» Problem description: Give back the entries below verbatim.

(Stored items)
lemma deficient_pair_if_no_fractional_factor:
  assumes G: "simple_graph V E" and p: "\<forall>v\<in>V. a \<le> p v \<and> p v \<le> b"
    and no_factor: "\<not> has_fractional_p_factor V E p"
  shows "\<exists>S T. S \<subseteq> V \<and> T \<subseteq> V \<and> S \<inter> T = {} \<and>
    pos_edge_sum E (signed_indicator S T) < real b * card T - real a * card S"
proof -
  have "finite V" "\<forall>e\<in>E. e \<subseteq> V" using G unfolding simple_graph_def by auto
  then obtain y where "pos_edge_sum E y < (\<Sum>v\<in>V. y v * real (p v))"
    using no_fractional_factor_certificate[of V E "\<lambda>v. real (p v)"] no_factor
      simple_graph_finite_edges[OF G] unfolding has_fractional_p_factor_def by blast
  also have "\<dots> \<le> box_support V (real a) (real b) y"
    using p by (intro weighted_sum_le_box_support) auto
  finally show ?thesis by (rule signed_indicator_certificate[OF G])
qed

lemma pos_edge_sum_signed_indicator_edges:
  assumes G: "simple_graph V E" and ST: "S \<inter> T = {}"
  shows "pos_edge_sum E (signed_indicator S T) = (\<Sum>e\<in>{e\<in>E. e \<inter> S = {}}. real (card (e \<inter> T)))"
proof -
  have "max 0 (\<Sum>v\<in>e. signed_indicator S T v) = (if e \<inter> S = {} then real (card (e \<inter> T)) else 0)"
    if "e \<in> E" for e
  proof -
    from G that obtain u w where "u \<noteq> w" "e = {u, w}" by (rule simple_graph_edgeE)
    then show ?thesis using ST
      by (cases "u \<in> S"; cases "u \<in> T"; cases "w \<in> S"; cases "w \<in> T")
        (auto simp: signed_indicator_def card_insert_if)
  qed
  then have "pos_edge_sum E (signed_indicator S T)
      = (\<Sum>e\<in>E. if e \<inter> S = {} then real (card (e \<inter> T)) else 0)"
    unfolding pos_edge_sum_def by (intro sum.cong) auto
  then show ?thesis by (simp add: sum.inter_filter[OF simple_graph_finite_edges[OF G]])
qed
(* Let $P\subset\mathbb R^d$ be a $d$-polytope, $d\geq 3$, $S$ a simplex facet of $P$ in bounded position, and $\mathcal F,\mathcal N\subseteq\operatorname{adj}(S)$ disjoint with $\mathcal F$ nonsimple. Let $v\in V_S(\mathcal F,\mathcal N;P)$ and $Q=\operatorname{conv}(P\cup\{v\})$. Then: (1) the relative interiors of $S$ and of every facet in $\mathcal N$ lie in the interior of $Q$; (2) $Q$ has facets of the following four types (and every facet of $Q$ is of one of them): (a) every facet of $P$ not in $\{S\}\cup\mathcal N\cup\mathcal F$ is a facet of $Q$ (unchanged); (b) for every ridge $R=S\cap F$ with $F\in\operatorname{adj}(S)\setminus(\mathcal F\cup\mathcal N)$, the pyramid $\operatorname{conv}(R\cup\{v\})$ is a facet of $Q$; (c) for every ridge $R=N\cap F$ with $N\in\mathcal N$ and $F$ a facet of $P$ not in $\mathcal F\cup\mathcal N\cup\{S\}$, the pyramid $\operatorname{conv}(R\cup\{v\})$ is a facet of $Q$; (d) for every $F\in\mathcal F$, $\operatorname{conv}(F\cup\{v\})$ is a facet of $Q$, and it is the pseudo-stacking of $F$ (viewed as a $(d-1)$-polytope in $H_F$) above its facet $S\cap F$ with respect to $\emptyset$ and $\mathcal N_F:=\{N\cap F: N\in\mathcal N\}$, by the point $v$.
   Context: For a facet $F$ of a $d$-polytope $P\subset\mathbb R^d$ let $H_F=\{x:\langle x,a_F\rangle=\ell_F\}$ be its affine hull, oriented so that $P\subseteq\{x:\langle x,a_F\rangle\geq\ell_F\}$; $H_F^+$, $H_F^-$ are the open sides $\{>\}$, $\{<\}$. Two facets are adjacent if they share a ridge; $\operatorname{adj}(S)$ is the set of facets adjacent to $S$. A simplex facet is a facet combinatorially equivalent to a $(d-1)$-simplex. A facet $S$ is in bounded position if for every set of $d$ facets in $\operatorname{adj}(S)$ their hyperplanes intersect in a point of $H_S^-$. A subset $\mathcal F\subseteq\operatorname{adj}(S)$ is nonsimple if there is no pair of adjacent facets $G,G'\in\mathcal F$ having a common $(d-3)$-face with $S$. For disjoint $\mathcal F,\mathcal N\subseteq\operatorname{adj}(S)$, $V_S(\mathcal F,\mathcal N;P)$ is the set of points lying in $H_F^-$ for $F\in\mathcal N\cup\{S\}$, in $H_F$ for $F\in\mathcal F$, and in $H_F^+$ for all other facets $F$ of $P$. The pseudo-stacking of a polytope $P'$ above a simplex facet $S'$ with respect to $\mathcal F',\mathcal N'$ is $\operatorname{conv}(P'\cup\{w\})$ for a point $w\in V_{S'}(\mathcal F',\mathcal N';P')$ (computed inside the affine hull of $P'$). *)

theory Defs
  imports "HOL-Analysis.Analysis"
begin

» Task result:
lemma deficient_pair_if_no_fractional_factor:
  assumes G: "simple_graph V E" and p: "\<forall>v\<in>V. a \<le> p v \<and> p v \<le> b"
    and no_factor: "\<not> has_fractional_p_factor V E p"
  shows "\<exists>S T. S \<subseteq> V \<and> T \<subseteq> V \<and> S \<inter> T = {} \<and>
    pos_edge_sum E (signed_indicator S T) < real b * card T - real a * card S"
proof -
  have "finite V" "\<forall>e\<in>E. e \<subseteq> V" using G unfolding simple_graph_def by auto
  then obtain y where "pos_edge_sum E y < (\<Sum>v\<in>V. y v * real (p v))"
    using no_fractional_factor_certificate[of V E "\<lambda>v. real (p v)"] no_factor
      simple_graph_finite_edges[OF G] unfolding has_fractional_p_factor_def by blast
  also have "\<dots> \<le> box_support V (real a) (real b) y"
    using p by (intro weighted_sum_le_box_support) auto
  finally show ?thesis by (rule signed_indicator_certificate[OF G])
qed

lemma pos_edge_sum_signed_indicator_edges:
  assumes G: "simple_graph V E" and ST: "S \<inter> T = {}"
  shows "pos_edge_sum E (signed_indicator S T) = (\<Sum>e\<in>{e\<in>E. e \<inter> S = {}}. real (card (e \<inter> T)))"
proof -
  have "max 0 (\<Sum>v\<in>e. signed_indicator S T v) = (if e \<inter> S = {} then real (card (e \<inter> T)) else 0)"
    if "e \<in> E" for e
  proof -
    from G that obtain u w where "u \<noteq> w" "e = {u, w}" by (rule simple_graph_edgeE)
    then show ?thesis using ST
      by (cases "u \<in> S"; cases "u \<in> T"; cases "w \<in> S"; cases "w \<in> T")
        (auto simp: signed_indicator_def card_insert_if)
  qed
  then have "pos_edge_sum E (signed_indicator S T)
      = (\<Sum>e\<in>E. if e \<inter> S = {} then real (card (e \<inter> T)) else 0)"
    unfolding pos_edge_sum_def by (intro sum.cong) auto
  then show ?thesis by (simp add: sum.inter_filter[OF simple_graph_finite_edges[OF G]])
qed
(* Let $P\subset\mathbb R^d$ be a $d$-polytope, $d\geq 3$, $S$ a simplex facet of $P$ in bounded position, and $\mathcal F,\mathcal N\subseteq\operatorname{adj}(S)$ disjoint with $\mathcal F$ nonsimple. Let $v\in V_S(\mathcal F,\mathcal N;P)$ and $Q=\operatorname{conv}(P\cup\{v\})$. Then: (1) the relative interiors of $S$ and of every facet in $\mathcal N$ lie in the interior of $Q$; (2) $Q$ has facets of the following four types (and every facet of $Q$ is of one of them): (a) every facet of $P$ not in $\{S\}\cup\mathcal N\cup\mathcal F$ is a facet of $Q$ (unchanged); (b) for every ridge $R=S\cap F$ with $F\in\operatorname{adj}(S)\setminus(\mathcal F\cup\mathcal N)$, the pyramid $\operatorname{conv}(R\cup\{v\})$ is a facet of $Q$; (c) for every ridge $R=N\cap F$ with $N\in\mathcal N$ and $F$ a facet of $P$ not in $\mathcal F\cup\mathcal N\cup\{S\}$, the pyramid $\operatorname{conv}(R\cup\{v\})$ is a facet of $Q$; (d) for every $F\in\mathcal F$, $\operatorname{conv}(F\cup\{v\})$ is a facet of $Q$, and it is the pseudo-stacking of $F$ (viewed as a $(d-1)$-polytope in $H_F$) above its facet $S\cap F$ with respect to $\emptyset$ and $\mathcal N_F:=\{N\cap F: N\in\mathcal N\}$, by the point $v$.
   Context: For a facet $F$ of a $d$-polytope $P\subset\mathbb R^d$ let $H_F=\{x:\langle x,a_F\rangle=\ell_F\}$ be its affine hull, oriented so that $P\subseteq\{x:\langle x,a_F\rangle\geq\ell_F\}$; $H_F^+$, $H_F^-$ are the open sides $\{>\}$, $\{<\}$. Two facets are adjacent if they share a ridge; $\operatorname{adj}(S)$ is the set of facets adjacent to $S$. A simplex facet is a facet combinatorially equivalent to a $(d-1)$-simplex. A facet $S$ is in bounded position if for every set of $d$ facets in $\operatorname{adj}(S)$ their hyperplanes intersect in a point of $H_S^-$. A subset $\mathcal F\subseteq\operatorname{adj}(S)$ is nonsimple if there is no pair of adjacent facets $G,G'\in\mathcal F$ having a common $(d-3)$-face with $S$. For disjoint $\mathcal F,\mathcal N\subseteq\operatorname{adj}(S)$, $V_S(\mathcal F,\mathcal N;P)$ is the set of points lying in $H_F^-$ for $F\in\mathcal N\cup\{S\}$, in $H_F$ for $F\in\mathcal F$, and in $H_F^+$ for all other facets $F$ of $P$. The pseudo-stacking of a polytope $P'$ above a simplex facet $S'$ with respect to $\mathcal F',\mathcal N'$ is $\operatorname{conv}(P'\cup\{w\})$ for a point $w\in V_{S'}(\mathcal F',\mathcal N';P')$ (computed inside the affine hull of $P'$). *)

theory Defs
  imports "HOL-Analysis.Analysis"
begin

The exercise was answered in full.